==== Provided material

lemma graded_submodule_act_sum: "graded_submodule (act_sum A B i)"
proof (rule graded_submoduleI)
  show "act_sum A B i \<subseteq> carrier M"
    using act_closed[OF i] graded_submodule_carrier[OF A] graded_submodule_carrier[OF B] by (auto simp: act_sum_def)
  show "\<zero>\<^bsub>M\<^esub> \<in> act_sum A B i"
    using graded_submodule_zero[OF A] graded_submodule_zero[OF B] act_zero[OF i]
    by (auto simp: act_sum_def intro!: exI[of _ "\<zero>\<^bsub>M\<^esub>"])
next
  fix x y assume "x \<in> act_sum A B i" "y \<in> act_sum A B i"
  then obtain a b a' b' where ab: "a \<in> A" "b \<in> B" "a' \<in> A" "b' \<in> B"
    and x: "x = act i a \<oplus>\<^bsub>M\<^esub> b" and y: "y = act i a' \<oplus>\<^bsub>M\<^esub> b'" by (auto simp: act_sum_def)
  have "x \<oplus>\<^bsub>M\<^esub> y = act i (a \<oplus>\<^bsub>M\<^esub> a') \<oplus>\<^bsub>M\<^esub> (b \<oplus>\<^bsub>M\<^esub> b')"
    using ab graded_submodule_carrier[OF A] graded_submodule_carrier[OF B] act_closed[OF i] by (simp add: x y act_add[OF i] Rees.a_ac)
  then show "x \<oplus>\<^bsub>M\<^esub> y \<in> act_sum A B i"
    using ab graded_submodule_add[OF A] graded_submodule_add[OF B] unfolding act_sum_def by blast
next
  fix r x assume r: "r \<in> carrier R" and "x \<in> act_sum A B i"
  then obtain a b where ab: "a \<in> A" "b \<in> B" and x: "x = act i a \<oplus>\<^bsub>M\<^esub> b" by (auto simp: act_sum_def)
  have "r \<odot>\<^bsub>M\<^esub> x = act i (r \<odot>\<^bsub>M\<^esub> a) \<oplus>\<^bsub>M\<^esub> (r \<odot>\<^bsub>M\<^esub> b)"
    using ab graded_submodule_carrier[OF A] graded_submodule_carrier[OF B] act_closed[OF i] r by (simp add: x act_smult[OF i] Rees.smult_r_distr)
  then show "r \<odot>\<^bsub>M\<^esub> x \<in> act_sum A B i"
    using ab r graded_submodule_smult[OF A] graded_submodule_smult[OF B] unfolding act_sum_def by blast
next
  fix j x assume j: "j < m" and "x \<in> act_sum A B i"
  then obtain a b where ab: "a \<in> A" "b \<in> B" and x: "x = act i a \<oplus>\<^bsub>M\<^esub> b" by (auto simp: act_sum_def)
  have "act j x = act i (act j a) \<oplus>\<^bsub>M\<^esub> act j b"
    using ab graded_submodule_carrier[OF A] graded_submodule_carrier[OF B] act_closed[OF i] by (simp add: x act_add[OF j] act_comm[OF i j])
  then show "act j x \<in> act_sum A B i"
    using ab graded_submodule_act[OF A j] graded_submodule_act[OF B j] unfolding act_sum_def by blast
next
  fix n x assume "x \<in> act_sum A B i"
  then obtain a b where ab: "a \<in> A" "b \<in> B" and x: "x = act i a \<oplus>\<^bsub>M\<^esub> b" by (auto simp: act_sum_def)
  define a' where "a' = (if d i \<le> n then homog_comp (n - d i) a else \<zero>\<^bsub>M\<^esub>)"
  have a': "a' \<in> A"
    using graded_submodule_homog_comp[OF A ab(1)] graded_submodule_zero[OF A] by (auto simp: a'_def)
  have "homog_comp n x = act i a' \<oplus>\<^bsub>M\<^esub> homog_comp n b"
    by (simp add: x homog_comp_add homog_comp_act[OF i] a'_def act_zero[OF i])
  then show "homog_comp n x \<in> act_sum A B i"
    using a' graded_submodule_homog_comp[OF B ab(2)] unfolding act_sum_def by blast
qed

lemma act_sum_subset: "B \<subseteq> A \<Longrightarrow> act_sum A B i \<subseteq> A"
  using graded_submodule_act[OF A i] graded_submodule_add[OF A] by (auto simp: act_sum_def)

lemma subset_act_sum: "B \<subseteq> act_sum A B i"
proof
  fix b assume b: "b \<in> B"
  then have "b = act i \<zero>\<^bsub>M\<^esub> \<oplus>\<^bsub>M\<^esub> b"
    using graded_submodule_carrier[OF B] by (simp add: act_zero[OF i])
  then show "b \<in> act_sum A B i" using b graded_submodule_zero[OF A] unfolding act_sum_def by blast
qed

lemma colon_subset: "colon A B i \<subseteq> A"
  by (auto simp: colon_def)

lemma subset_colon: "B \<subseteq> A \<Longrightarrow> B \<subseteq> colon A B i"
  using graded_submodule_act[OF B i] by (auto simp: colon_def)

lemma act_image_subset_act_sum: "act i ` A \<subseteq> act_sum A B i"
proof
  fix x assume "x \<in> act i ` A"
  then obtain a where a: "a \<in> A" "x = act i a" by auto
  then have "x = act i a \<oplus>\<^bsub>M\<^esub> \<zero>\<^bsub>M\<^esub>"
    using act_closed[OF i] graded_submodule_carrier[OF A] by simp
  then show "x \<in> act_sum A B i" using a graded_submodule_zero[OF B] unfolding act_sum_def by blast
qed

end

text \<open>The maps a |-> (a, -x_i a) and (a, b) |-> x_i a + b of the exact sequence
  0 -> K_n -> A_n + B_{n+d_i} -> I_{n+d_i} -> 0.\<close>

definition colon_embed :: "nat \<Rightarrow> (nat \<Rightarrow> 'm) \<Rightarrow> (nat \<Rightarrow> 'm)" where
  "colon_embed i a = a \<oplus>\<^bsub>M\<^esub> \<ominus>\<^bsub>M\<^esub> act i a"

definition act_plus :: "nat \<Rightarrow> nat \<Rightarrow> (nat \<Rightarrow> 'm) \<Rightarrow> (nat \<Rightarrow> 'm)" where
  "act_plus i n x = act i (homog_comp n x) \<oplus>\<^bsub>M\<^esub> homog_comp (n + d i) x"

context
  fixes A B i
  assumes A: "graded_submodule A" and B: "graded_submodule B" and i: "i < m"
    and d_pos: "0 < d i"
begin

lemma colon_degree_partD:
  assumes "a \<in> degree_part (colon A B i) n"
  shows "a \<in> carrier M" "a \<in> A" "act i a \<in> B" "act i a \<in> carrier M"
  using assms graded_submodule_carrier[OF A] act_closed[OF i] by (auto simp: degree_part_def colon_def)

lemma homog_comp_colon_embed:
  assumes a: "a \<in> degree_part (colon A B i) n"
  shows "homog_comp j (colon_embed i a)
    = (if j = n then a else if j = n + d i then \<ominus>\<^bsub>M\<^esub> act i a else \<zero>\<^bsub>M\<^esub>)"
  using colon_degree_partD[OF a] homog_comp_act_degree_part[OF i a, of j]
    homog_comp_degree_part[OF a, of j] d_pos
  by (auto simp: colon_embed_def homog_comp_add homog_comp_neg)

lemma colon_embed_in_sum_part:
  assumes a: "a \<in> degree_part (colon A B i) n"
  shows "colon_embed i a \<in> sum_part A n B (n + d i)"
  using homog_comp_colon_embed[OF a] colon_degree_partD[OF a] graded_submodule_neg[OF B]
    graded_submodule_zero[OF A] graded_submodule_zero[OF B] d_pos
  by (auto simp: sum_part_def colon_embed_def)

lemma act_plus_in_degree_part:
  assumes x: "x \<in> sum_part A n B (n + d i)"
  shows "act_plus i n x \<in> degree_part (act_sum A B i) (n + d i)"
proof -
  have x_car: "x \<in> carrier M" using x by (simp add: sum_part_def)
  have x_n: "homog_comp n x \<in> degree_part (carrier M) n"
    using homog_comp_closed[OF x_car] by (simp add: degree_part_iff homog_comp_homog_comp)
  have "act_plus i n x \<in> act_sum A B i"
    using x unfolding sum_part_def act_sum_def act_plus_def by blast
  moreover have "homog_comp j (act_plus i n x) = \<zero>\<^bsub>M\<^esub>" if "j \<noteq> n + d i" for j
    using homog_comp_act_degree_part[OF i x_n, of j] that homog_comp_closed[OF x_car]
      act_closed[OF i homog_comp_closed[OF x_car]]
    by (simp add: act_plus_def homog_comp_add homog_comp_homog_comp)
  ultimately show ?thesis unfolding degree_part_iff by blast
qed

lemma act_plus_surjective:
  "act_plus i n ` sum_part A n B (n + d i) = degree_part (act_sum A B i) (n + d i)"
proof (intro equalityI subsetI)
  fix y assume y: "y \<in> degree_part (act_sum A B i) (n + d i)"
  then obtain a b where ab: "a \<in> A" "b \<in> B" and y_ab: "y = act i a \<oplus>\<^bsub>M\<^esub> b"
    by (auto simp: degree_part_def act_sum_def)
  have ab_car: "a \<in> carrier M" "b \<in> carrier M"
    using ab graded_submodule_carrier[OF A] graded_submodule_carrier[OF B] by auto
  define x where "x = homog_comp n a \<oplus>\<^bsub>M\<^esub> homog_comp (n + d i) b"
  have x_comp: "homog_comp j x = (if j = n then homog_comp n a
      else if j = n + d i then homog_comp (n + d i) b else \<zero>\<^bsub>M\<^esub>)" for j
    using ab_car homog_comp_closed d_pos by (simp add: x_def homog_comp_add homog_comp_homog_comp)
  have "x \<in> sum_part A n B (n + d i)"
    using x_comp ab_car homog_comp_closed rees_add_closed graded_submodule_homog_comp[OF A ab(1)]
      graded_submodule_homog_comp[OF B ab(2)] d_pos
    unfolding sum_part_def x_def by auto
  moreover have "act_plus i n x = y"
  proof -
    have "y = homog_comp (n + d i) y" using homog_comp_degree_part[OF y] by simp
    also have "\<dots> = act i (homog_comp n a) \<oplus>\<^bsub>M\<^esub> homog_comp (n + d i) b"
      using ab_car act_closed[OF i] by (simp add: y_ab homog_comp_add homog_comp_act[OF i])
    finally show ?thesis using x_comp[of n] x_comp[of "n + d i"] d_pos by (simp add: act_plus_def)
  qed
  ultimately show "y \<in> act_plus i n ` sum_part A n B (n + d i)" by blast
qed (use act_plus_in_degree_part in blast)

========

Goal of the exercise:
Retype only this range exactly: the first line of the data through the line where "fix x y assume" appears.

Task result:
lemma graded_submodule_act_sum: "graded_submodule (act_sum A B i)"
proof (rule graded_submoduleI)
  show "act_sum A B i \<subseteq> carrier M"
    using act_closed[OF i] graded_submodule_carrier[OF A] graded_submodule_carrier[OF B] by (auto simp: act_sum_def)
  show "\<zero>\<^bsub>M\<^esub> \<in> act_sum A B i"
    using graded_submodule_zero[OF A] graded_submodule_zero[OF B] act_zero[OF i]
    by (auto simp: act_sum_def intro!: exI[of _ "\<zero>\<^bsub>M\<^esub>"])
next
  fix x y assume "x \<in> act_sum A B i" "y \<in> act_sum A B i"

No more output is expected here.